The site makes no sense. Under android they have "i-apple" ... no such thing. iphone is NOT android. 
<snip>

AndroidiPhone6,2iApple Phone 6

So, under O.S. they have android which is not apple. i have the iphone 6 (a "banned" device???? but I use it for Ride-share driving. so, I don't don't know WTF Uber is trying to say.

I don't think they like Samsung.


----------



## IthurstwhenIP (Jan 12, 2018)

Monetizing signal data fro carriers and phones based on their driver base. If you nderstand the complexities involved and who would pay you can likely guess some of the bans.


----------



## NOXDriver (Aug 12, 2018)

Moving_Target said:


> all the new iPhones are dual sim.


No, they support e-sim + nano sim. E-sim is great tech, which no one is really using yet. Your sim card is basically a code to uniquely ID the phone. Swapping SIMs means harder to track you.


----------



## Brunch (Nov 4, 2016)

The links that come up if you do a Google search are for drivers in South Africa and Ghana in relation to banned devices. Unless you drive in Africa, your Galaxy S5 should work as a backup. If you drive in the US, links pertaining to us will say uber.com/us. If you're in Canada it will say uber.com/ca... etc. etc.


----------



## Dammit Mazzacane (Dec 31, 2015)

This indicates a dual sim phone can be used for having two identities at once:
https://www.guidingtech.com/56511/multiple-accounts-same-app-android/


> article
> I would like to introduce to an app called Parallel Space using which you can run two instances of the same app and that too without breaking a sweat.
> 
> Using this app, you can run two instances of any app installed in your phone, like WhatsApp, Facebook, and even Uber and work both of them will work independently.
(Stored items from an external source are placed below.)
lemma diff_partial1:
  assumes U: "open U" "(x, y) \<in> U" and F: "smooth_family U F" "f \<in> F" and G: "smooth_family U G" "g \<in> G"
    and h: "\<forall>p\<in>U. h p = f p - g p"
  shows "((\<lambda>t. h (t, y)) has_field_derivative partial1 f (x, y) - partial1 g (x, y)) (at x)"
proof -
  have df: "(\<lambda>t. f (t, y)) field_differentiable (at x)" using F U unfolding smooth_family_def by blast
  have dg: "(\<lambda>t. g (t, y)) field_differentiable (at x)" using G U unfolding smooth_family_def by blast
  have "((\<lambda>t. f (t, y) - g (t, y)) has_field_derivative partial1 f (x, y) - partial1 g (x, y)) (at x)"
    unfolding partial1_def using field_differentiable_derivI[OF df] field_differentiable_derivI[OF dg]
    by (simp add: DERIV_diff)
  then show ?thesis
    by (rule has_field_derivative_transform_within_open[OF _ slice1_open[OF U(1)]]) (use U h in auto)
qed

lemma diff_partial2:
  assumes U: "open U" "(x, y) \<in> U" and F: "smooth_family U F" "f \<in> F" and G: "smooth_family U G" "g \<in> G"
    and h: "\<forall>p\<in>U. h p = f p - g p"
  shows "((\<lambda>t. h (x, t)) has_field_derivative partial2 f (x, y) - partial2 g (x, y)) (at y)"
proof -
  have df: "(\<lambda>t. f (x, t)) field_differentiable (at y)" using F U unfolding smooth_family_def by blast
  have dg: "(\<lambda>t. g (x, t)) field_differentiable (at y)" using G U unfolding smooth_family_def by blast
  have "((\<lambda>t. f (x, t) - g (x, t)) has_field_derivative partial2 f (x, y) - partial2 g (x, y)) (at y)"
    unfolding partial2_def using field_differentiable_derivI[OF df] field_differentiable_derivI[OF dg]
    by (simp add: DERIV_diff)
  then show ?thesis
    by (rule has_field_derivative_transform_within_open[OF _ slice2_open[OF U(1)]]) (use U h in auto)
qed

lemma partial_diff_on:
  assumes D: "D = partial1 \<or> D = partial2"
    and U: "open U" and F: "smooth_family U F" "f \<in> F" and G: "smooth_family U G" "g \<in> G"
    and h: "\<forall>p\<in>U. h p = f p - g p"
  shows "\<forall>p\<in>U. D h p = D f p - D g p"
  using D
proof
  assume "D = partial1"
  then show ?thesis
    using diff_partial1[OF U _ F G h] by (auto simp: partial1_def[of h] intro!: DERIV_imp_deriv)
next
  assume "D = partial2"
  then show ?thesis
    using diff_partial2[OF U _ F G h] by (auto simp: partial2_def[of h] intro!: DERIV_imp_deriv)
qed

lemma smooth_family_iter:
  assumes "smooth_family U F" "f \<in> F" "D = partial1 \<or> D = partial2"
  shows "(D ^^ n) f \<in> F"
proof (induction n)
  case (Suc n)
  then have "partial1 ((D ^^ n) f) \<in> F" "partial2 ((D ^^ n) f) \<in> F"
    using assms(1) unfolding smooth_family_def by blast+
  then show ?case using assms(3) by auto
qed (use assms(2) in simp)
So that means two accounts of WhatsApp, Hike, and even Snapchat, that too without root access. So let's see how the app works.


----------



## Chorch (May 17, 2019)

MarkR said:


> I don't think they like Samsung.


No one likes Samsung.


----------



## Trafficat (Dec 19, 2016)

Chorch said:


> No one likes Samsung.


I love the stylus capabilities of the Note series of phones... but the crapware on Samsung is pretty crappy. Especially the Shift+Space to change languages and the Bixby button. The good thing is, aftermarket software can override the crapware.


----------